В промежутке между рекламным роликом и фильмом на Кристину снизошло лирическое настроение.
— С ума сойти, — сообщила она, — у меня такое впечатление, что мы знакомы с детства. Удивительно, правда?
Да уж…
В самые напряженные моменты фильма я ласкал ее, а она находила меня озорником и очаровашкой. Она осталась довольна вечером, хотя, мне показалось, упустила самую существенную деталь фильма. Но этот мужчина, муж — она сразу поняла, что он плохой… Нет, признался я сам себе, человек не может уследить за всем на свете… А Хичкок частенько играл как раз на каком-нибудь маленьком факте, как тот ключ, что не подходил к замку…
Мы с Кристиной стали Братиком и Сестричкой, но, несмотря на это, Братик был вовсе не прочь «заняться кое-чем» с Сестричкой… ради высокой цели, как вы понимаете…
В полумраке, в ленивой роскоши постели, лицо Кристины иногда казалось невыносимо похожим на лицо «моего» Германа, если бы тот чуть отрастил волосы, ведь они у него такие же светлые… И ее рот, да, посмотрите, рот тоже… И как она будет принадлежать ему, так он будет принадлежать мне, через нее… Я протолкнул, дрожа от вожделения, свою штуковину в любовную пещерку, которая приняла в себя и услужила его жалу, его клинку страсти… Да, от нее и через нее к нему… «От Марии к Иисусу…», подумал я в полном восхищении.
— В первую очередь думай о счастье, хорошо?.. — прошептал я в заячье ушко Кристины.

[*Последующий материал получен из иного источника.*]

(* Let $J\subset(0,\infty)$ be an open interval and let $u:J\to\mathbb{R}$ be a smooth function with $u'(\alpha)\neq 0$ for all $\alpha\in J$. The rotational surface in $(\mathbb{R}^3,\|\cdot\|)$ given by $\bar f(\alpha,v)=(\alpha\cos v,\ \alpha\sin v,\ u(\alpha))$ is minimal if and only if there are constants $c_2>0$ and $c_3\in\mathbb{R}$ and a fixed choice of sign such that $J\subset(c_2,\infty)$ and $$u(\alpha)=\pm\int_{c_2}^{\alpha}\frac{c_2^{2m-1}}{\left(\rho^{2m}-c_2^{2m}\right)^{\frac{2m-1}{2m}}}\,d\rho+c_3\qquad(\alpha\in J).$$
   Context: Fix an integer $m\ge 2$. Let $\Phi(x_1,x_2,x_3)=(x_1^2+x_2^2)^m+x_3^{2m}$ and let $\|\cdot\|$ be the norm on $\mathbb{R}^3$ whose unit sphere is $S=\{x\in\mathbb{R}^3:\Phi(x)=1\}$ (a smooth, strictly convex surface). For a surface given by a parametrization $f(s,v)$, its Birkhoff–Gauss map $\eta$ is the map into $S$ defined by requiring $\eta\in S$ and $\nabla\Phi(\eta)=\mu\, f_s\times f_v$ for some function $\mu>0$, where $\times$ is the standard cross product (so the tangent plane of $S$ at $\eta(p)$ is parallel to $T_pM$, and $d\eta_p$ is an endomorphism of $T_pM$). The Minkowski mean curvature is $H=\tfrac12\operatorname{trace}(d\eta_p)$, and the surface is minimal if $H\equiv 0$ (this condition does not depend on the orientation). *)

theory Defs
  imports "HOL-Analysis.Analysis" "HOL-Analysis.Cross3"
begin

text \<open>The function Phi whose level set Phi = 1 is the unit sphere S of the norm.\<close>
definition Phi :: "nat \<Rightarrow> real^3 \<Rightarrow> real" where
  "Phi m x = ((x$1)^2 + (x$2)^2)^m + (x$3)^(2*m)"

definition partial_s :: "(real \<Rightarrow> real \<Rightarrow> real^3) \<Rightarrow> real \<Rightarrow> real \<Rightarrow> real^3" where
  "partial_s f s v = vector_derivative (\<lambda>t. f t v) (at s)"

definition partial_v :: "(real \<Rightarrow> real \<Rightarrow> real^3) \<Rightarrow> real \<Rightarrow> real \<Rightarrow> real^3" where
  "partial_v f s v = vector_derivative (\<lambda>t. f s t) (at v)"

definition BG_map :: "nat \<Rightarrow> (real \<Rightarrow> real \<Rightarrow> real^3) \<Rightarrow> real \<Rightarrow> real \<Rightarrow> real^3" where
  "BG_map m f s v = (THE e. Phi m e = 1 \<and>
      (\<exists>\<mu>>0. GDERIV (Phi m) e :> (\<mu> *\<^sub>R cross3 (partial_s f s v) (partial_v f s v))))"

text \<open>Minkowski mean curvature H = trace(d eta)/2, the trace computed in the basis f_s, f_v
  of the tangent plane: d eta(f_s) = eta_s = a f_s + b f_v, d eta(f_v) = eta_v = c f_s + d f_v.\<close>
definition mink_mean_curv :: "nat \<Rightarrow> (real \<Rightarrow> real \<Rightarrow> real^3) \<Rightarrow> real \<Rightarrow> real \<Rightarrow> real" where
  "mink_mean_curv m f s v =
     (THE t. \<exists>a b c d.
        partial_s (BG_map m f) s v = a *\<^sub>R partial_s f s v + b *\<^sub>R partial_v f s v \<and>
        partial_v (BG_map m f) s v = c *\<^sub>R partial_s f s v + d *\<^sub>R partial_v f s v \<and>
        t = a + d) / 2"

definition minimal_on :: "nat \<Rightarrow> (real \<Rightarrow> real \<Rightarrow> real^3) \<Rightarrow> (real \<times> real) set \<Rightarrow> bool" where
  "minimal_on m f D = (\<forall>(s,v)\<in>D.
      (\<lambda>t. BG_map m f t v) differentiable (at s) \<and>
      (\<lambda>t. BG_map m f s t) differentiable (at v) \<and>
      mink_mean_curv m f s v = 0)"

end

theory Submission
  imports Defs
begin

(* The tangent plane at (alpha, v) has normal f_alpha x f_v = alpha (-u' cos v, -u' sin v, 1), so the
   Birkhoff-Gauss map is the point eta = (-r cos v, -r sin v, z) of S at which grad Phi points in
   this direction. Here r and z depend only on the slope p = u'(alpha) and are characterised by
   z > 0, r^(2m) + z^(2m) = 1 and r^(2m-1) = p z^(2m-1). Differentiating these relations gives
   z' = -p r', hence d eta (f_alpha) = -(r o u')' f_alpha and d eta (f_v) = -(r / alpha) f_v, so
   2H = -(alpha r(u'(alpha)))' / alpha. Minimality thus means alpha r(u'(alpha)) = +-c is constant,
   with c > 0 because u' never vanishes, and solving for u' gives
   u' = +-c^(2m-1) / (alpha^(2m) - c^(2m))^((2m-1)/(2m)) with c < alpha. The singularity of this
   integrand at alpha = c is of order (alpha - c)^(-(2m-1)/(2m)), hence integrable, and integrating
   gives the formula. *)

lemma vector3_has_vector_derivative:
  assumes "(a has_real_derivative a') (at t)" "(b has_real_derivative b') (at t)"
    "(c has_real_derivative c') (at t)"
  shows "((\<lambda>t. vector [a t, b t, c t] :: real^3) has_vector_derivative vector [a', b', c']) (at t)"
proof -
  have decomp: "(vector [x, y, z] :: real^3) = x *\<^sub>R axis 1 1 + y *\<^sub>R axis 2 1 + z *\<^sub>R axis 3 1"
    for x y z :: real
    by (simp add: vec_eq_iff forall_3 axis_def)
  show ?thesis
    unfolding decomp by (rule derivative_eq_intros assms refl | simp)+
qed
lemma cycle_fort_iff:
  assumes "3 \<le> n"
  shows "fort (cycle_V n) (cycle_E n) F \<longleftrightarrow>
           F \<noteq> {} \<and> F \<subseteq> {0..<n} \<and> (\<forall>a<n. a \<in> F \<or> (a + 1) mod n \<in> F)"
  using cycle_fort_meets_edge[OF assms] cycle_fort_if_meets_edges[OF assms]
  unfolding fort_def cycle_V_def by auto

definition cycle_indep :: "nat \<Rightarrow> nat set \<Rightarrow> bool" where
  "cycle_indep n S \<longleftrightarrow> (\<forall>a\<in>S. (a + 1) mod n \<notin> S)"

lemma cycle_indep_subset: "cycle_indep n S \<Longrightarrow> T \<subseteq> S \<Longrightarrow> cycle_indep n T"
  unfolding cycle_indep_def by blast

lemma cycle_indep_singleton: "2 \<le> n \<Longrightarrow> v < n \<Longrightarrow> cycle_indep n {v}"
  unfolding cycle_indep_def using cycle_succ_ne[of n v] by simp

lemma cycle_indep_card_le:
  assumes "cycle_indep n S" "S \<subseteq> {0..<n}"
  shows "2 * card S \<le> n"
proof -
  let ?succ = "\<lambda>a. (a + 1) mod n"
  have "inj_on ?succ S"
    using assms(2) cycle_succ_inj[of _ n] by (intro inj_onI) (meson atLeastLessThan_iff subsetD)
  moreover have "S \<inter> ?succ ` S = {}" using assms(1) unfolding cycle_indep_def by auto
  moreover have "finite S" using assms(2) finite_subset by blast
  ultimately have "2 * card S = card (S \<union> ?succ ` S)"
    by (simp add: card_Un_disjoint card_image)
  also have "\<dots> \<le> card {0..<n}" using assms(2) by (intro card_mono) auto
  finally show ?thesis by simp
qed
definition upE :: "('o,'a,'z) vcat_scheme \<Rightarrow> 'a \<Rightarrow> 'a" where "upE C f = snd (vfac1 C f)"
definition upM :: "('o,'a,'z) vcat_scheme \<Rightarrow> 'a \<Rightarrow> 'a" where "upM C f = fst (vfac1 C f)"
definition loE :: "('o,'a,'z) vcat_scheme \<Rightarrow> 'a \<Rightarrow> 'a" where "loE C f = fst (vfac2 C f)"
definition loM :: "('o,'a,'z) vcat_scheme \<Rightarrow> 'a \<Rightarrow> 'a" where "loM C f = snd (vfac2 C f)"
definition vtgt :: "('o,'a,'z) vcat_scheme \<Rightarrow> 'a \<Rightarrow> 'o" where "vtgt C f = Cod C (upE C f)"
definition vsrc :: "('o,'a,'z) vcat_scheme \<Rightarrow> 'a \<Rightarrow> 'o" where "vsrc C f = Cod C (loM C f)"

definition prod_vcat :: "('o1,'a1,'z1) vcat_scheme \<Rightarrow> ('o2,'a2,'z2) vcat_scheme \<Rightarrow>
    ('o1 \<times> 'o2, 'a1 \<times> 'a2) vcat" where
  "prod_vcat A B = \<lparr> Obj = Obj A \<times> Obj B, Arr = Arr A \<times> Arr B,
     Dom = (\<lambda>(f,g). (Dom A f, Dom B g)), Cod = (\<lambda>(f,g). (Cod A f, Cod B g)),
     Id = (\<lambda>(x,y). (Id A x, Id B y)),
     Comp = (\<lambda>(f',g') (f,g). (Comp A f' f, Comp B g' g)),
     Cov = Cov A \<times> Cov B, Con = Con A \<times> Con B \<rparr>"
lemma matrix_inv_entry_cramer:
  fixes A :: "'a::field^'n^'n"
  assumes "det A \<noteq> 0"
  shows "matrix_inv A $ i $ j = det (\<chi> r c. if c = i then (if r = j then 1 else 0) else A $ r $ c) / det A"
proof -
  have "A *v (matrix_inv A *v axis j 1) = axis j 1"
    using assms by (simp add: matrix_vector_mul_assoc matrix_inv_right invertible_det_nz)
  then have "matrix_inv A *v axis j 1 = (\<chi> k. det (\<chi> r c. if c = k then axis j 1 $ r else A $ r $ c) / det A)"
    using cramer[OF assms] by blast
  moreover have "(matrix_inv A *v axis j 1) $ i = matrix_inv A $ i $ j"
    by (simp add: matrix_vector_mult_def axis_def if_distrib cong: if_cong)
  moreover have "(\<chi> r c. if c = i then axis j 1 $ r else A $ r $ c)
      = (\<chi> r c. if c = i then (if r = j then 1 else 0) else A $ r $ c)"
    by (auto simp: axis_def vec_eq_iff)
  ultimately show ?thesis
    by simp
qed

lemma matrix_add_rdistrib: "((A::'a::semiring_1^'n^'m) + B) ** C = A ** C + B ** C"
  by (vector matrix_matrix_mult_def sum.distrib[symmetric] field_simps)

lemma bounded_bilinear_matrix_matrix_mult:
  "bounded_bilinear ((**) :: 'a::{real_algebra_1,euclidean_space}^'n^'m \<Rightarrow> 'a^'p^'n \<Rightarrow> 'a^'p^'m)"
  unfolding bilinear_conv_bounded_bilinear[symmetric] bilinear_def
  by (auto intro!: linearI simp: matrix_add_ldistrib matrix_add_rdistrib scalar_matrix_assoc matrix_scalar_ac)

lemma has_derivative_vec_nth:
  "(f has_derivative f') F \<Longrightarrow> ((\<lambda>x. f x $ i) has_derivative (\<lambda>v. f' v $ i)) F"
  by (rule bounded_linear.has_derivative[OF bounded_linear_vec_nth])

lemma differentiable_vec_nth:
  "f differentiable F \<Longrightarrow> (\<lambda>x. f x $ i) differentiable F"
  unfolding differentiable_def by (blast intro: has_derivative_vec_nth)

lemma has_derivative_vec_lambda:
  fixes f :: "'a::euclidean_space \<Rightarrow> 'b::real_normed_vector^'n"
  assumes "\<And>i. ((\<lambda>x. f x $ i) has_derivative (\<lambda>v. f' v $ i)) F"
  shows "(f has_derivative f') F"
proof -
  have "linear (\<lambda>v. f' v $ i)" for i
    using assms has_derivative_linear by blast
  then have "linear f'"
    by (auto intro!: linearI simp: vec_eq_iff linear_iff)
  then show ?thesis
    using assms by (auto simp: has_derivative_def linear_conv_bounded_linear intro!: vec_tendstoI)
qed

lemma differentiable_det:
  fixes A :: "'a::real_normed_vector \<Rightarrow> 'b::real_normed_field^'n^'n"
  assumes "\<And>i j. (\<lambda>x. A x $ i $ j) differentiable (at x within s)"
  shows "(\<lambda>x. det (A x)) differentiable (at x within s)"
proof -
  from assms obtain A' where entries: "\<And>i j. ((\<lambda>x. A x $ i $ j) has_derivative A' i j) (at x within s)"
    unfolding differentiable_def by metis
  show ?thesis
    unfolding det_def differentiable_def
    by (rule exI, rule has_derivative_sum, rule has_derivative_mult, rule has_derivative_const,
        rule has_derivative_prod, rule entries)
qed

lemma eventually_invertible:
  fixes A :: "'a::real_normed_vector \<Rightarrow> 'b::real_normed_field^'n^'n"
  assumes "A differentiable (at x)" and "invertible (A x)"
  shows "\<forall>\<^sub>F y in at x. invertible (A y)"
proof -
  have "continuous (at x) (\<lambda>y. det (A y))"
    using assms(1) by (intro differentiable_imp_continuous_within differentiable_det differentiable_vec_nth)
  moreover have "det (A x) \<noteq> 0"
    using assms(2) invertible_det_nz by blast
  ultimately have "\<forall>\<^sub>F y in at x. det (A y) \<noteq> 0"
    unfolding continuous_at by (rule tendsto_imp_eventually_ne)
  then show ?thesis
    by (simp add: invertible_det_nz)
qed
theorem mainTheorem7:
  fixes \<epsilon> :: real
    and M :: "'l measure"
    and pA pB :: "nat \<Rightarrow> nat \<Rightarrow> nat \<Rightarrow> 'l \<Rightarrow> real"
  assumes "0 \<le> \<epsilon>" and "\<epsilon> < 1"
  defines "\<theta> \<equiv> arcsin (3 - sqrt (4 * \<epsilon> + 5))"
  defines "s \<equiv> sin \<theta>"
  defines "p \<equiv> qprob \<theta> s"
  shows "p 0 1 0 1 = 0 \<and> p 1 0 1 0 = 0 \<and> p 0 0 1 1 = 0
    \<and> p 0 0 0 0 + \<epsilon> * p 1 1 0 0
        = ((4 * \<epsilon> + 5) * sqrt (4 * \<epsilon> + 5) - (12 * \<epsilon> + 11)) / (2 * (1 + \<epsilon>))
    \<and> ((4 * \<epsilon> + 5) * sqrt (4 * \<epsilon> + 5) - (12 * \<epsilon> + 11)) / (2 * (1 + \<epsilon>)) > \<epsilon>
    \<and> (1 - \<epsilon>) * p 0 0 0 0 + \<epsilon> * (1 - \<epsilon>) * p 1 1 0 0 - p 0 1 0 1 - p 1 0 1 0 - p 0 0 1 1
        > \<epsilon> * (1 - \<epsilon>)
    \<and> \<not> eps_local_model \<epsilon> p M pA pB"
proof -
  let ?R = "((4 * \<epsilon> + 5) * sqrt (4 * \<epsilon> + 5) - (12 * \<epsilon> + 11)) / (2 * (1 + \<epsilon>))"
  have s_eq: "s = 3 - sqrt (4 * \<epsilon> + 5)"
    using eps_reparametrisation(1,2)[OF assms(1,2)] by (simp add: s_def \<theta>_def)
  note param = eps_reparametrisation[OF assms(1,2), folded s_eq]
  have s_bounds: "0 \<le> s" "s \<le> 1"
    using param(1,2) by auto
  have "\<theta> = arcsin s"
    by (simp add: \<theta>_def s_eq)
  then have trig: "sin \<theta> = s" "cos \<theta> = sqrt (1 - s^2)"
    using s_bounds by (simp_all add: cos_arcsin)
  note zeros = qprob_zero_entries[OF s_bounds trig, folded p_def]
  have success: "p 0 0 0 0 + \<epsilon> * p 1 1 0 0 = ?R"
    unfolding param(4) using qprob_weighted_success[OF s_bounds trig, folded p_def param(3)] .
  have gap: "?R > \<epsilon>"
    using eps_param_less_success[of s] param by simp
  have "(1 - \<epsilon>) * p 0 0 0 0 + \<epsilon> * (1 - \<epsilon>) * p 1 1 0 0 - p 0 1 0 1 - p 1 0 1 0 - p 0 0 1 1
      = (1 - \<epsilon>) * (p 0 0 0 0 + \<epsilon> * p 1 1 0 0)"
    using zeros by (simp add: algebra_simps)
  also have "\<dots> > (1 - \<epsilon>) * \<epsilon>"
    unfolding success using gap assms(2) by (intro mult_strict_left_mono) auto
  finally have violation: "(1 - \<epsilon>) * p 0 0 0 0 + \<epsilon> * (1 - \<epsilon>) * p 1 1 0 0
      - p 0 1 0 1 - p 1 0 1 0 - p 0 0 1 1 > \<epsilon> * (1 - \<epsilon>)"
    by (simp add: mult.commute)
  then have "\<not> eps_local_model \<epsilon> p M pA pB"
    using eps_local_model_chained_bell[of \<epsilon> p M pA pB] assms(1,2) by linarith
  then show ?thesis
    using zeros success gap violation by simp
qed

Она удовлетворенно улыбнулась. Разве не так? Она привезет его для меня… его… мою судьбу, мою жизнь, мою…
«Приди, Сладкая Смерть», мелькнули слова какого-то гимна у меня в голове перед тем, как я провалился в сон.
IX
Проснувшись на следующее утро, я сразу ощутил разницу по сравнению с прошлым визитом: как и неделю назад, вновь было субботнее утро, но в гораздо меньшей степени «беззаботное». Я чувствовал себя очень неуютно из-за тяжкого, почти удушающего осознания, как нереально и неестественно все происходящее вокруг. Мы с Кристиной сговорились, выстроили целый план, это можно назвать даже увлекательным, лукавым сговором или довольно извращенным замыслом, но, как ни крути, «что-то было не так»: какая женщина могла на такое пойти? Только та, которой один мужчина превосходно заменяет другого и так же мало значит, как его предшественник, размышлял я с необычной для меня самого критической проницательностью.
Кристина тоже явно была не в настроении потчевать меня свежим белым хлебушком, как на прошлой неделе. Я только что принял ванну и — весь из себя молодой бог — одевался, но не заметил никакого сладостного почтения к моему телу и всей моей личности.
Кристина сама сняла с кровати белье, сменила простыни, которые — на взгляд простого деревенского вьюноши — вовсе не нуждались в стирке. Я стоял полуодетый и смотрел, и никак не мог решить, должен ли я ей помочь, в то время как в голове вертелась навязчивая мысль — но я всегда и все, любую мысль довожу до крайности, — что я каждую минуту мог «получить по башке». Нет, я наверняка преувеличивал, но Кристина казалась очень напряженной и озабоченной. Может, торопилась: она еще успевала на экспресс до Дюссельдорфа, но времени оставалось немного.